Every line of the records below from the line with "with assms(2) have" up to and including the line with "with u_lt have" must be reproduced exactly, and no line outside that range.
---*---
(* Let $p$ and $q$ be distinct primes and $n = p^2 q$. Then the non-nilradical graph $\Omega(\mathbb{Z}_n)$ is not very cost effective.
   Context: $\mathbb{Z}_n$ is the ring of residue classes modulo $n$. The non-nilradical graph $\Omega(\mathbb{Z}_n)$ has as vertices the non-nilpotent zero-divisors of $\mathbb{Z}_n$, two distinct vertices being adjacent iff their product is $0$. For a graph $G=(V,E)$ and $S\subseteq V$, a vertex $v\in S$ is very cost effective if $|N(v)\cap S| < |N(v)\cap (V\setminus S)|$; $S$ is very cost effective if every vertex of $S$ is. A bipartition $\{S, V\setminus S\}$ is very cost effective if both parts are very cost effective, and $G$ is very cost effective if it has a very cost effective bipartition. *)

theory Defs
  imports Main "HOL-Computational_Algebra.Primes"
begin

definition nbhd :: "'a set \<Rightarrow> ('a \<Rightarrow> 'a \<Rightarrow> bool) \<Rightarrow> 'a \<Rightarrow> 'a set" where
  "nbhd V E v = {u \<in> V. E v u}"

definition very_cost_effective_vertex ::
  "'a set \<Rightarrow> ('a \<Rightarrow> 'a \<Rightarrow> bool) \<Rightarrow> 'a set \<Rightarrow> 'a \<Rightarrow> bool" where
  "very_cost_effective_vertex V E S v \<longleftrightarrow>
     card (nbhd V E v \<inter> S) < card (nbhd V E v \<inter> (V - S))"

definition very_cost_effective_set ::
  "'a set \<Rightarrow> ('a \<Rightarrow> 'a \<Rightarrow> bool) \<Rightarrow> 'a set \<Rightarrow> bool" where
  "very_cost_effective_set V E S \<longleftrightarrow> (\<forall>v\<in>S. very_cost_effective_vertex V E S v)"

definition very_cost_effective_graph :: "'a set \<Rightarrow> ('a \<Rightarrow> 'a \<Rightarrow> bool) \<Rightarrow> bool" where
  "very_cost_effective_graph V E \<longleftrightarrow>
     (\<exists>S. S \<subseteq> V \<and> very_cost_effective_set V E S \<and> very_cost_effective_set V E (V - S))"

text \<open>The ring Z_n is modelled by the residues {0..<n} with multiplication mod n.\<close>

definition zero_divisor_mod :: "nat \<Rightarrow> nat \<Rightarrow> bool" where
  "zero_divisor_mod n x \<longleftrightarrow> x < n \<and> (\<exists>y<n. y \<noteq> 0 \<and> (x * y) mod n = 0)"

definition nilpotent_mod :: "nat \<Rightarrow> nat \<Rightarrow> bool" where
  "nilpotent_mod n x \<longleftrightarrow> x < n \<and> (\<exists>k\<ge>1. (x ^ k) mod n = 0)"

definition nonnil_vertices :: "nat \<Rightarrow> nat set" where
  "nonnil_vertices n = {x. zero_divisor_mod n x \<and> \<not> nilpotent_mod n x}"

definition nonnil_adj :: "nat \<Rightarrow> nat \<Rightarrow> nat \<Rightarrow> bool" where
  "nonnil_adj n x y \<longleftrightarrow> x \<noteq> y \<and> (x * y) mod n = 0"

end

theory Submission
  imports Defs
begin

text \<open>Modulo \<open>p\<^sup>2q\<close> the vertex \<open>p\<close> is isolated: \<open>pu \<equiv> 0\<close> forces \<open>pq \<bar> u\<close>, hence
  \<open>u\<^sup>2 \<equiv> 0\<close>, so \<open>u\<close> is nilpotent and not a vertex. An isolated vertex has no neighbours in
  either part of a bipartition, so it is not very cost effective in the part containing it.\<close>

lemma very_cost_effective_vertex_nbhd_nonempty:
  assumes "very_cost_effective_vertex V E S v"
  shows "nbhd V E v \<noteq> {}"
  using assms unfolding very_cost_effective_vertex_def by auto

lemma isolated_vertex_not_very_cost_effective_graph:
  assumes "v \<in> V" and "nbhd V E v = {}"
  shows "\<not> very_cost_effective_graph V E"
proof
  assume "very_cost_effective_graph V E"
  then obtain S where "very_cost_effective_set V E S" "very_cost_effective_set V E (V - S)"
    unfolding very_cost_effective_graph_def by blast
  moreover have "v \<in> S \<or> v \<in> V - S" using assms(1) by blast
  ultimately obtain T where "very_cost_effective_vertex V E T v"
    unfolding very_cost_effective_set_def by blast
  with assms(2) show False by (auto dest: very_cost_effective_vertex_nbhd_nonempty)
qed

lemma zero_divisor_modI:
  assumes "x < n" and "0 < y" and "y < n" and "n dvd x * y"
  shows "zero_divisor_mod n x"
  unfolding zero_divisor_mod_def using assms
  by (intro conjI exI[of _ y]) (simp_all add: dvd_eq_mod_eq_0)

lemma nilpotent_mod_if_dvd_square:
  assumes "x < n" and "n dvd x\<^sup>2"
  shows "nilpotent_mod n x"
  using assms unfolding nilpotent_mod_def by (intro conjI exI[of _ 2]) auto

lemma not_nilpotent_mod_if_prime_dvd:
  fixes n x q :: nat
  assumes "prime q" and "q dvd n" and "\<not> q dvd x"
  shows "\<not> nilpotent_mod n x"
proof
  assume "nilpotent_mod n x"
  then obtain k where "n dvd x ^ k" unfolding nilpotent_mod_def by auto
  with assms(2) have "q dvd x ^ k" by (rule dvd_trans)
  then have "q dvd x" by (rule prime_dvd_power[OF assms(1)])
  with assms(3) show False ..
qed

context
  fixes p q :: nat
  assumes prime_p: "prime p" and prime_q: "prime q" and pq: "p \<noteq> q"
begin

private lemma prime_ge_2: "p \<ge> 2" "q \<ge> 2"
  using prime_p prime_q prime_ge_2_nat by auto

lemma prime_in_nonnil_vertices: "p \<in> nonnil_vertices (p\<^sup>2 * q)"
proof -
  have "p < p * q" and pq_lt: "p * q < p\<^sup>2 * q"
    using prime_ge_2 by (simp_all add: power2_eq_square)
  then have "p < p\<^sup>2 * q" by linarith
  moreover have "p\<^sup>2 * q dvd p * (p * q)"
    by (simp add: power2_eq_square mult.assoc)
  ultimately have "zero_divisor_mod (p\<^sup>2 * q) p"
    using pq_lt prime_ge_2 by (intro zero_divisor_modI[of _ _ "p * q"]) simp_all
  moreover have "\<not> q dvd p"
  proof
    assume "q dvd p"
    with pq show False using primes_dvd_imp_eq[OF prime_q prime_p] by simp
  qed
  then have "\<not> nilpotent_mod (p\<^sup>2 * q) p"
    by (intro not_nilpotent_mod_if_prime_dvd[OF prime_q]) simp_all
  ultimately show ?thesis unfolding nonnil_vertices_def by simp
qed

lemma nbhd_prime_empty: "nbhd (nonnil_vertices (p\<^sup>2 * q)) (nonnil_adj (p\<^sup>2 * q)) p = {}"
proof -
  have "u \<notin> nonnil_vertices (p\<^sup>2 * q)" if "nonnil_adj (p\<^sup>2 * q) p u" for u
  proof
    assume "u \<in> nonnil_vertices (p\<^sup>2 * q)"
    then have u_lt: "u < p\<^sup>2 * q" and u_nonnil: "\<not> nilpotent_mod (p\<^sup>2 * q) u"
      unfolding nonnil_vertices_def zero_divisor_mod_def by simp_all
    from that have "p * (p * q) dvd p * u"
      unfolding nonnil_adj_def by (simp add: dvd_eq_mod_eq_0 power2_eq_square mult.assoc)
    then have "p * q dvd u"
      using prime_ge_2 by simp
    then obtain m where "u = p * q * m" ..
    then have "p\<^sup>2 * q dvd u\<^sup>2"
      by (simp add: power2_eq_square algebra_simps)
    with u_lt have "nilpotent_mod (p\<^sup>2 * q) u"
      by (rule nilpotent_mod_if_dvd_square)
    with u_nonnil show False ..
  qed
  then show ?thesis unfolding nbhd_def by blast
qed

end

theorem mainTheorem6:
  fixes p q :: nat
  assumes "prime p" and "prime q" and "p \<noteq> q"
  shows "\<not> very_cost_effective_graph (nonnil_vertices (p^2 * q)) (nonnil_adj (p^2 * q))"
  by (rule isolated_vertex_not_very_cost_effective_graph
      [OF prime_in_nonnil_vertices[OF assms] nbhd_prime_empty[OF assms]])

end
---*---
OUTPUT OF THE TASK
  with assms(2) have "q dvd x ^ k" by (rule dvd_trans)
  then have "q dvd x" by (rule prime_dvd_power[OF assms(1)])
  with assms(3) show False ..
qed

context
  fixes p q :: nat
  assumes prime_p: "prime p" and prime_q: "prime q" and pq: "p \<noteq> q"
begin

private lemma prime_ge_2: "p \<ge> 2" "q \<ge> 2"
  using prime_p prime_q prime_ge_2_nat by auto

lemma prime_in_nonnil_vertices: "p \<in> nonnil_vertices (p\<^sup>2 * q)"
proof -
  have "p < p * q" and pq_lt: "p * q < p\<^sup>2 * q"
    using prime_ge_2 by (simp_all add: power2_eq_square)
  then have "p < p\<^sup>2 * q" by linarith
  moreover have "p\<^sup>2 * q dvd p * (p * q)"
    by (simp add: power2_eq_square mult.assoc)
  ultimately have "zero_divisor_mod (p\<^sup>2 * q) p"
    using pq_lt prime_ge_2 by (intro zero_divisor_modI[of _ _ "p * q"]) simp_all
  moreover have "\<not> q dvd p"
  proof
    assume "q dvd p"
    with pq show False using primes_dvd_imp_eq[OF prime_q prime_p] by simp
  qed
  then have "\<not> nilpotent_mod (p\<^sup>2 * q) p"
    by (intro not_nilpotent_mod_if_prime_dvd[OF prime_q]) simp_all
  ultimately show ?thesis unfolding nonnil_vertices_def by simp
qed

lemma nbhd_prime_empty: "nbhd (nonnil_vertices (p\<^sup>2 * q)) (nonnil_adj (p\<^sup>2 * q)) p = {}"
proof -
  have "u \<notin> nonnil_vertices (p\<^sup>2 * q)" if "nonnil_adj (p\<^sup>2 * q) p u" for u
  proof
    assume "u \<in> nonnil_vertices (p\<^sup>2 * q)"
    then have u_lt: "u < p\<^sup>2 * q" and u_nonnil: "\<not> nilpotent_mod (p\<^sup>2 * q) u"
      unfolding nonnil_vertices_def zero_divisor_mod_def by simp_all
    from that have "p * (p * q) dvd p * u"
      unfolding nonnil_adj_def by (simp add: dvd_eq_mod_eq_0 power2_eq_square mult.assoc)
    then have "p * q dvd u"
      using prime_ge_2 by simp
    then obtain m where "u = p * q * m" ..
    then have "p\<^sup>2 * q dvd u\<^sup>2"
      by (simp add: power2_eq_square algebra_simps)
    with u_lt have "nilpotent_mod (p\<^sup>2 * q) u"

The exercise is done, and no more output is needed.